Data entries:
· · · · · · ·

(* Let $P$ be a finite poset and $R$ a consistent restriction function on $P$. Then the poset $\Gamma(P,R)$ is isomorphic to the dual of the poset of meet-irreducible elements of the lattice $\mathrm{Inc}^R(P)$ (with the order induced from $\mathrm{Inc}^R(P)$). Consequently, the order ideals of $\Gamma(P,R)$ are in bijection with $\mathrm{Inc}^R(P)$.
   Context: A restriction function on a finite poset $P$ assigns to each $p\in P$ a nonempty finite set $R(p)\subseteq\mathbb{Z}$. $\mathrm{Inc}^R(P)$ is the set of increasing labelings: functions $f:P\to\mathbb{Z}$ with $f(p)\in R(p)$ for all $p$ and $p_1<p_2\Rightarrow f(p_1)<f(p_2)$. It is partially ordered by $f\le g$ iff $f(p)\le g(p)$ for all $p$; this is a finite distributive lattice (meet and join are pointwise min and max). An element $x$ of a lattice is meet-irreducible if it is not the top element and $x=y\wedge z$ implies $x=y$ or $x=z$. $R$ is consistent if for every cover relation $x\lessdot y$ in $P$, $\min R(x)<\min R(y)$ and $\max R(x)<\max R(y)$. Write $R(p)^*=R(p)\setminus\{\max R(p)\}$, $R(p)_{>k}$ for the smallest element of $R(p)$ greater than $k$, and $R(p)_{<k}$ for the largest element of $R(p)$ less than $k$. $\Gamma(P,R)$ is the poset on the set $\{(p,k): p\in P,\ k\in R(p)^*\}$ whose order is the reflexive–transitive closure of the relation $(p_1,k_1)\lessdot(p_2,k_2)$ (the covering relations of $\Gamma(P,R)$), which holds iff either (1) $p_1=p_2$ and $R(p_1)_{>k_2}=k_1$; or (2) $p_1\lessdot p_2$ in $P$, $k_1=R(p_1)_{<k_2}$ (and $k_1\ne\max R(p_1)$), and there is no $k\in R(p_2)$ with $k>k_2$ and $R(p_1)_{<k}=k_1$. An order ideal of a poset is a downward-closed subset. *)

theory Defs
  imports "HOL-Library.FuncSet"
begin

definition poset_on :: "'a set \<Rightarrow> ('a \<Rightarrow> 'a \<Rightarrow> bool) \<Rightarrow> bool" where
  "poset_on P le \<longleftrightarrow>
     (\<forall>x\<in>P. le x x) \<and>
     (\<forall>x\<in>P. \<forall>y\<in>P. le x y \<and> le y x \<longrightarrow> x = y) \<and>
     (\<forall>x\<in>P. \<forall>y\<in>P. \<forall>z\<in>P. le x y \<and> le y z \<longrightarrow> le x z)"

definition covers :: "'a set \<Rightarrow> ('a \<Rightarrow> 'a \<Rightarrow> bool) \<Rightarrow> 'a \<Rightarrow> 'a \<Rightarrow> bool" where
  "covers P le x y \<longleftrightarrow> x \<in> P \<and> y \<in> P \<and> le x y \<and> x \<noteq> y \<and>
     \<not> (\<exists>z\<in>P. le x z \<and> x \<noteq> z \<and> le z y \<and> z \<noteq> y)"

definition restriction_fun :: "'a set \<Rightarrow> ('a \<Rightarrow> int set) \<Rightarrow> bool" where
  "restriction_fun P R \<longleftrightarrow> (\<forall>p\<in>P. finite (R p) \<and> R p \<noteq> {})"

definition consistent :: "'a set \<Rightarrow> ('a \<Rightarrow> 'a \<Rightarrow> bool) \<Rightarrow> ('a \<Rightarrow> int set) \<Rightarrow> bool" where
  "consistent P le R \<longleftrightarrow>
     (\<forall>x y. covers P le x y \<longrightarrow> Min (R x) < Min (R y) \<and> Max (R x) < Max (R y))"
lemma oscillatory_decay_smooth2:
  assumes smooth: "smooth2 g" and basic: "basic_conditions g" and k: "k1 \<noteq> 0" "k2 \<noteq> 0"
    and tail: "oscillatory_tail_bound (\<lambda>x y. partial_y g (x, y)) k2 R K"
  obtains C where "oscillatory_decay (\<lambda>x y. g (x, y)) (\<lambda>x y. partial_x g (x, y)) (\<lambda>x y. partial_y g (x, y))
    k1 k2 C R K"
proof -
  obtain C where "\<And>x y. \<bar>g (x, y)\<bar> \<le> C / (1 + \<bar>x\<bar>)" "\<And>x y. \<bar>g (x, y)\<bar> \<le> C / (1 + \<bar>y\<bar>)"
    "\<And>x y. \<bar>partial_x g (x, y)\<bar> \<le> C / (1 + x\<^sup>2 + y\<^sup>2)" "\<And>x y. \<bar>partial_y g (x, y)\<bar> \<le> C / (1 + x\<^sup>2 + y\<^sup>2)"
    using basic_conditions_decay[OF smooth basic] by metis
  then have "oscillatory_decay (\<lambda>x y. g (x, y)) (\<lambda>x y. partial_x g (x, y)) (\<lambda>x y. partial_y g (x, y))
    k1 k2 C R K"
    using smooth k tail
    by unfold_locales (auto intro: smooth2_continuous smooth2_D has_real_derivative_partial_x
        has_real_derivative_partial_y)
  then show thesis
    by (rule that)
qed

lemma oscillatory_decay_quasi_normal_or_split:
  assumes "quasi_normal g \<or> quasi_split_normal g" and k: "k1 \<noteq> 0" "k2 \<noteq> 0"
  obtains C R K where "oscillatory_decay (\<lambda>x y. g (x, y)) (\<lambda>x y. partial_x g (x, y)) (\<lambda>x y. partial_y g (x, y))
    k1 k2 C R K"
proof -
  have "smooth2 g" "basic_conditions g"
    using assms(1) unfolding quasi_normal_def quasi_split_normal_def by auto
  moreover obtain R K where "oscillatory_tail_bound (\<lambda>x y. partial_y g (x, y)) k2 R K"
    using assms(1) oscillatory_tail_bound_quasi_normal oscillatory_tail_bound_quasi_split_normal k(2)
    by metis
  ultimately show thesis
    using oscillatory_decay_smooth2 k that by metis
qed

· · · · · · ·

YOUR ASSIGNMENT:
If a line above contains the word "show", list it.

RESPONSE TO THIS EXERCISE:
  then show thesis
  ultimately show thesis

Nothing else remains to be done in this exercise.